Centrism in History, Philosophy, and American Politics

Kevin Cassell



What is political centrism?

Centrism is a political--and, hence, cultural--position that locates itself between opposing ideological forces. In the Western world, to occupy the center means to be between the left wing ('liberalism") and right wing ("conservatism") and their respective ideologies. Centrism is not a clear-cut ideology (or belief system); many encyclopedias don't even include it as a category unto itself.

How does it work?
In the United States, centrist politicians are called "moderates." To moderate means to intervene in disputes by opposing parties and help achieve some sort of consensus. Moderate Republicans sometimes break with their party's platform on some issues (like abortion, for instance) and side with Democrats as do some Democrats with Republicans (on military funding, for example). Democrats who frequently side with Republicans are rarely called moderates; rather, they're often known as "conservative Democrats," since the Republican Party has come to be known as "conservative" and the Democratic Party as "liberal."

What is conservatism and liberalism?
At the most basic level, conservatives believe social and political progress should be incremental, that cultural institutions (family, religion) should be preserved, and that government should be small and centralized. Liberals tend to be "progressive" (that is, they want progress to occur rapidly), largely secular, and support a government that addresses the needs of all people, including the disenfranchised. Both forces have grappled with each other throughout the history of the Western world, with liberalism having made the most dramatic impact during the modern era.
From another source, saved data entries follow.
(* Let $\{n_k\}_{k\ge1}\subset\mathbb{Z}^+$ and $\{c_k\}_{k\ge1}\subset\mathbb{R}^+$ satisfy $n_k\ge 2$ and $n_kc_k<1$ for all $k\ge1$, let $I\subset\mathbb{R}$ be a nonempty closed interval, and let $E\in\mathcal{M}(I,\{n_k\},\{c_k\})$ be a homogeneous Moran set. If $\sup_{k\ge1}n_k<+\infty$, then $$\dim_L E\le\liminf_{l\to+\infty}\ \inf_{k\ge1}\ \frac{\log (n_{k+1}\cdots n_{k+l})}{-\log (c_{k+1}\cdots c_{k+l})}.$$
   Context: Words: $\Omega_0=\{\emptyset\}$, $\Omega_k=\{\sigma_1\cdots\sigma_k:1\le\sigma_j\le n_j\}$, $\Omega=\bigcup_{k\ge0}\Omega_k$; for $\sigma\in\Omega_{k-1}$ and $1\le i\le n_k$, $\sigma*i\in\Omega_k$ denotes concatenation. A collection $\{I_\sigma:\sigma\in\Omega\}$ of closed intervals is a homogeneous Moran structure if $I_\emptyset=I$; for each $k\ge1$ and $\sigma\in\Omega_{k-1}$, the intervals $I_{\sigma*1},\dots,I_{\sigma*n_k}$ are contained in $I_\sigma$ and have pairwise disjoint interiors; and $|I_{\sigma*i}|/|I_\sigma|=c_k$ for all such $\sigma,i$ ($|\cdot|$ = diameter). The set $E=\bigcap_{k\ge1}\bigcup_{\sigma\in\Omega_k}I_\sigma$ is a homogeneous Moran set, and $\mathcal{M}(I,\{n_k\},\{c_k\})$ is the class of all such sets. For $F\subset\mathbb{R}$, $N_r(A)$ is the smallest number of balls of radius $r$ covering $A$, and the lower dimension is $\dim_L F=\sup\{s\ge0:\exists\, b,c>0\ \forall\, 0<r<R<b,\ \forall x\in F,\ N_r(B(x,R)\cap F)\ge c(R/r)^s\}$. *)

theory Defs
  imports "HOL-Analysis.Analysis"
begin

text \<open>Words of length k: lists sigma with 1 <= sigma!j <= n (j+1) for j < k
  (list position j corresponds to the paper's index j+1).\<close>
definition words :: "(nat \<Rightarrow> nat) \<Rightarrow> nat \<Rightarrow> nat list set" where
  "words n k = {\<sigma>. length \<sigma> = k \<and> (\<forall>j<k. 1 \<le> \<sigma> ! j \<and> \<sigma> ! j \<le> n (Suc j))}"

definition is_closed_interval :: "real set \<Rightarrow> bool" where
  "is_closed_interval S \<longleftrightarrow> (\<exists>a b. a \<le> b \<and> S = {a..b})"

text \<open>Homogeneous Moran structure; concatenation sigma*i is sigma @ [i].\<close>
definition homog_moran_structure ::
  "real set \<Rightarrow> (nat \<Rightarrow> nat) \<Rightarrow> (nat \<Rightarrow> real) \<Rightarrow> (nat list \<Rightarrow> real set) \<Rightarrow> bool" where
  "homog_moran_structure I n c J \<longleftrightarrow>
     J [] = I \<and>
     (\<forall>k. \<forall>\<sigma>\<in>words n k. is_closed_interval (J \<sigma>)) \<and>
     (\<forall>m. \<forall>\<sigma>\<in>words n m.
        (\<forall>i\<in>{1..n (Suc m)}. J (\<sigma> @ [i]) \<subseteq> J \<sigma> \<and>
            diameter (J (\<sigma> @ [i])) / diameter (J \<sigma>) = c (Suc m)) \<and>
        (\<forall>i\<in>{1..n (Suc m)}. \<forall>j\<in>{1..n (Suc m)}. i \<noteq> j \<longrightarrow>
            interior (J (\<sigma> @ [i])) \<inter> interior (J (\<sigma> @ [j])) = {}))"

definition moran_set :: "(nat \<Rightarrow> nat) \<Rightarrow> (nat list \<Rightarrow> real set) \<Rightarrow> real set" where
  "moran_set n J = (\<Inter>k\<in>{1..}. \<Union>\<sigma>\<in>words n k. J \<sigma>)"
(* Let $\mathbb{F}$ be an algebraically closed field of characteristic different from $2$. There is no non-abelian nilpotent Lie algebra $L$ of finite dimension $n$ over $\mathbb{F}$ with $s(L)=5$ such that either (i) $\dim L^{2}\ge 4$, or (ii) $\dim L^{2}=1$.
   Context: Schur multiplier: if $L\cong F/R$ with $F$ a free Lie algebra, then $\mathcal{M}(L)\cong (R\cap F^{2})/[R,F]$. For a non-abelian nilpotent Lie algebra $L$ of dimension $n$, the integer $s(L)\ge 0$ is defined by $\dim\mathcal{M}(L)=\frac12(n-1)(n-2)+1-s(L)$. $L^2=[L,L]$. *)

theory Defs
  imports Main "HOL-Computational_Algebra.Polynomial"
begin

definition alg_closed_field :: "'f::field itself \<Rightarrow> bool" where
  "alg_closed_field _ \<longleftrightarrow> (\<forall>p::'f poly. degree p > 0 \<longrightarrow> (\<exists>x. poly p x = 0))"

definition lie_algebra ::
  "('f::field \<Rightarrow> 'v::ab_group_add \<Rightarrow> 'v) \<Rightarrow> ('v \<Rightarrow> 'v \<Rightarrow> 'v) \<Rightarrow> bool" where
  "lie_algebra scale br \<longleftrightarrow> vector_space scale \<and>
     (\<forall>x y z. br (x + y) z = br x z + br y z) \<and>
     (\<forall>x y z. br x (y + z) = br x y + br x z) \<and>
     (\<forall>a x y. br (scale a x) y = scale a (br x y)) \<and>
     (\<forall>a x y. br x (scale a y) = scale a (br x y)) \<and>
     (\<forall>x. br x x = 0) \<and>
     (\<forall>x y z. br x (br y z) + br y (br z x) + br z (br x y) = 0)"

definition finite_dim ::
  "('f::field \<Rightarrow> 'v::ab_group_add \<Rightarrow> 'v) \<Rightarrow> bool" where
  "finite_dim scale \<longleftrightarrow> (\<exists>B. finite B \<and> module.span scale B = UNIV)"

fun lcs :: "('f::field \<Rightarrow> 'v::ab_group_add \<Rightarrow> 'v) \<Rightarrow> ('v \<Rightarrow> 'v \<Rightarrow> 'v) \<Rightarrow> nat \<Rightarrow> 'v set" where
  "lcs scale br 0 = UNIV"
| "lcs scale br (Suc 0) = UNIV"
| "lcs scale br (Suc (Suc k)) =
     module.span scale {br x y | x y. y \<in> lcs scale br (Suc k)}"

definition derived :: "('f::field \<Rightarrow> 'v::ab_group_add \<Rightarrow> 'v) \<Rightarrow> ('v \<Rightarrow> 'v \<Rightarrow> 'v) \<Rightarrow> 'v set" where
  "derived scale br = module.span scale {br x y | x y. True}"

definition nilpotent_lie :: "('f::field \<Rightarrow> 'v::ab_group_add \<Rightarrow> 'v) \<Rightarrow> ('v \<Rightarrow> 'v \<Rightarrow> 'v) \<Rightarrow> bool" where
  "nilpotent_lie scale br \<longleftrightarrow> (\<exists>k. lcs scale br k = {0})"

definition abelian_lie :: "('v::ab_group_add \<Rightarrow> 'v \<Rightarrow> 'v) \<Rightarrow> bool" where
  "abelian_lie br \<longleftrightarrow> (\<forall>x y. br x y = 0)"

text \<open>Free (non-associative) magma algebra A(X) on X = the underlying set of L:
  finitely supported functions on bracket terms.  The free Lie algebra F on X is
  A(X)/I, where I is the two-sided ideal generated by all a*a and all Jacobi
  expressions.  The canonical epimorphism F \<rightarrow> L sends the generator x to x.
  Pulling the Hopf formula (R \<inter> F^2)/[R,F] back to A(X) gives
  (K \<inter> A^2)/([K,A] + I), where K is the kernel of the evaluation A(X) \<rightarrow> L
  (note preimage of F^2 is A^2 since I \<subseteq> A^2, and the preimage of R is K).\<close>

datatype 'x tm = Gen 'x | Br "'x tm" "'x tm"
(* Let $q>3$ be prime and $A\in\mathbb{F}_q[T]$ monic irreducible with $a=\deg A$. Then \[ \sum_{\substack{X \neq 0 \\ A \mid X}} \frac{1}{|X|^{2s}} \sum_{\substack{Y \bmod AX \\ Y \equiv 1 \bmod A \\ (X, Y) = 1}} 1 = \frac{q^{a(1-2s)}}{1-q^{-2as}} \frac{\zeta_{\mathbb{F}_{q}[T]}(2s-1)}{\zeta_{\mathbb{F}_{q}[T]}(2s)}, \] where $X$ runs over nonzero monic polynomials.
   Context: $|X|=q^{\deg X}$; $(X,Y)$ is the monic gcd; $\zeta_{\mathbb{F}_q[T]}(s)=\sum_{X\text{ monic}}|X|^{-s}=\frac{1}{1-q^{1-s}}$. *)

theory Defs
  imports "HOL-Analysis.Analysis" "HOL-Computational_Algebra.Polynomial_Factorial"
begin

text \<open>Polynomials over a finite field of prime order q are modelled as
  'a poly with 'a :: {finite, field} and CARD('a) = q prime.\<close>

definition pnorm :: "'a::{finite,field} poly \<Rightarrow> complex" where
  "pnorm X = of_nat (CARD('a) ^ degree X)"

definition zeta_Fq :: "'a::{finite,field} itself \<Rightarrow> complex \<Rightarrow> complex" where
  "zeta_Fq TYPE('a) s = infsum (\<lambda>X::'a poly. pnorm X powr (-s)) {X. lead_coeff X = 1}"

text \<open>Number of residues Y mod AX with Y = 1 mod A and (X,Y) = 1.
  Residues mod AX are represented by the polynomials of degree < deg(AX).\<close>
definition count_Y :: "'a::{finite,field} poly \<Rightarrow> 'a poly \<Rightarrow> nat" where
  "count_Y A X = card {Y. degree Y < degree (A * X) \<and> Y mod A = 1 mod A \<and> coprime X Y}"
lemma red_Var: "(red (Var j) :: 'p::prime_card mod_ring mpoly) = Var j"
  by (simp add: red_def Var_def)

lemma red_lin_form: "(red (lin_form l c) :: 'p::prime_card mod_ring mpoly) = lin_form l (\<lambda>j. of_int (c j))"
  by (simp add: lin_form_def red_hom.hom_sum red_hom.hom_mult red_const red_Var)

lemma red_const_card: "(red (const (int CARD('p))) :: 'p::prime_card mod_ring mpoly) = 0"
  unfolding red_const by (simp add: const_def)

lemma in_S_subset: "Poly_Mapping.keys q \<subseteq> Poly_Mapping.keys q' \<Longrightarrow> in_S l q' \<Longrightarrow> in_S l q"
  unfolding in_S_def by blast

lemma in_S_zero [simp]: "in_S l 0"
  by (simp add: in_S_def)

lemma in_S_add: "in_S l q1 \<Longrightarrow> in_S l q2 \<Longrightarrow> in_S l (q1 + q2)"
  unfolding in_S_def using keys_add[of q1 q2] by blast

lemma in_S_uminus: "in_S l (q::'a::ab_group_add mpoly) \<Longrightarrow> in_S l (- q)"
  unfolding in_S_def by simp

lemma in_S_diff: "in_S l (q1::'a::ab_group_add mpoly) \<Longrightarrow> in_S l q2 \<Longrightarrow> in_S l (q1 - q2)"
  using in_S_add[of l q1 "- q2"] in_S_uminus[of l q2] by simp

lemma in_S_mult:
  fixes q1 q2 :: "'a::comm_semiring_1 mpoly"
  assumes "in_S l q1" and "in_S l q2"
  shows "in_S l (q1 * q2)"
  unfolding in_S_def
proof (intro ballI)
  fix mon v assume "mon \<in> Poly_Mapping.keys (q1 * q2)" and v: "v \<in> Poly_Mapping.keys mon"
  then obtain x y where "mon = x + y" "x \<in> Poly_Mapping.keys q1" "y \<in> Poly_Mapping.keys q2"
    using keys_mult[of q1 q2] by blast
  with v keys_add[of x y] assms show "v < l"
    unfolding in_S_def by blast
qed

lemma in_S_const [simp]: "in_S l (const c)"
  by (simp add: in_S_def const_def)

lemma in_S_Var: "j < l \<Longrightarrow> in_S l (Var j :: 'a::zero_neq_one mpoly)"
  by (simp add: in_S_def Var_def)

lemma in_S_one: "in_S l 1"
  by (simp add: in_S_def lookup_one)

lemma in_S_sum: "(\<And>j. j \<in> A \<Longrightarrow> in_S l (f j)) \<Longrightarrow> in_S l (\<Sum>j\<in>A. f j)"
  by (induction A rule: infinite_finite_induct) (auto intro: in_S_add)

lemma in_S_power: "in_S l (q::'a::comm_semiring_1 mpoly) \<Longrightarrow> in_S l (q ^ k)"
  by (induction k) (auto intro: in_S_mult in_S_one)

lemma in_S_lin_form: "in_S l (lin_form l c)"
  unfolding lin_form_def by (auto intro!: in_S_sum in_S_mult in_S_Var)

definition lift_mod_p :: "'p::prime_card mod_ring mpoly \<Rightarrow> int mpoly" where
  "lift_mod_p q = Poly_Mapping.map to_int_mod_ring q"

lemma red_lift_mod_p: "red (lift_mod_p q) = q"
  by (rule poly_mapping_eqI)
    (simp add: red_def lift_mod_p_def lookup_map_poly_mapping of_int_of_int_mod_ring)

lemma lift_mod_p_0 [simp]: "lift_mod_p 0 = 0"
  by (rule poly_mapping_eqI) (simp add: lift_mod_p_def lookup_map_poly_mapping)

lemma in_S_lift_mod_p: "in_S l q \<Longrightarrow> in_S l (lift_mod_p q)"
  by (rule in_S_subset[of _ q]) (auto simp: lift_mod_p_def in_keys_iff lookup_map_poly_mapping)

lemma red_eq_0_iff_S_dvd_card:
  assumes "in_S l Q"
  shows "(red Q :: 'p::prime_card mod_ring mpoly) = 0 \<longleftrightarrow> S_dvd l (const (int CARD('p))) Q"
proof
  assume red: "(red Q :: 'p mod_ring mpoly) = 0"
  define P where "P = int CARD('p)"
  have "(of_int (Poly_Mapping.lookup Q k) :: 'p mod_ring) = 0" for k
    using arg_cong[OF red, of "\<lambda>q. Poly_Mapping.lookup q k"]
    by (simp add: red_def lookup_map_poly_mapping)
  then have P_dvd: "P dvd Poly_Mapping.lookup Q k" for k
    unfolding P_def of_int_of_int_mod_ring by transfer (simp add: dvd_eq_mod_eq_0)
  define W where "W = Poly_Mapping.map (\<lambda>c. c div P) Q"
  have "Q = const P * W"
    by (rule poly_mapping_eqI)
      (simp add: W_def const_def mult_map_scale_conv_mult[symmetric] lookup_map_poly_mapping P_dvd)
  moreover have "in_S l W"
    using assms by (rule in_S_subset[rotated]) (auto simp: W_def in_keys_iff lookup_map_poly_mapping)
  ultimately show "S_dvd l (const (int CARD('p))) Q"
    unfolding S_dvd_def P_def by blast
next
  assume "S_dvd l (const (int CARD('p))) Q"
  then show "(red Q :: 'p mod_ring mpoly) = 0"
    by (auto simp: S_dvd_def red_hom.hom_mult red_const_card)
qed

lemma in_Sk_Amul: "in_Sk l l g \<Longrightarrow> in_Sk n l (Amul l n a g)"
  unfolding in_Sk_def Amul_def by (auto intro!: in_S_sum in_S_mult)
What sort of impact is that?
To study modern Western culture is to study the rise and spread of liberalism, but not the kind necessarily associated with the platform of the U.S. Democratic Party. According to Bertrand Russell, early liberalism (as opposed to late liberalism) was a product of England and Holland and dominated 18th century thought. It stood for religious tolerance (following centuries of bloody wars), democracy over monarchy, the rights of individuals, and a strong middle class. It opposed fanaticism in any form. Isaac Newton's model of a vast but synchronous universe, largely replacing the Medieval heaven/earth/hell model, was central to its world view. The French encyclopediasts and American founding fathers were products of this age, also called "The Age of Reason" and "The Enlightenment." Early liberalism embodied principles that many contemporary liberals and conservatives, Democrats and Republicans, strive to subscribe to.

What is late liberalism?
Late liberalism absorbed the notions--many of which still reign supreme today--of 19th-century Romanticism. Philosophically, the romantic movement began in France with the philosopher Jean Jacque Rousseau, a social and political radical who argued that institutions like Church and State were "unnatural" and oppressed people. He promoted the idea of a "noble savage," a men (or women) who turned their back on society and tuned into the rhythms of "Nature"--a notion seized upon and triumphed by artists and writers. American romantic writers, like Ralph Waldo Emerson and Walt Whitman, adopted the ideal of natural freedom but believed that institutions, with gentle prodding, could come to accommodate the rugged new individualism of the age. By comparison to some European Romantics who longed for industrialism's decline, this was a conservative position. By comparison to today's politics, it was very centrist.

What about conservatism?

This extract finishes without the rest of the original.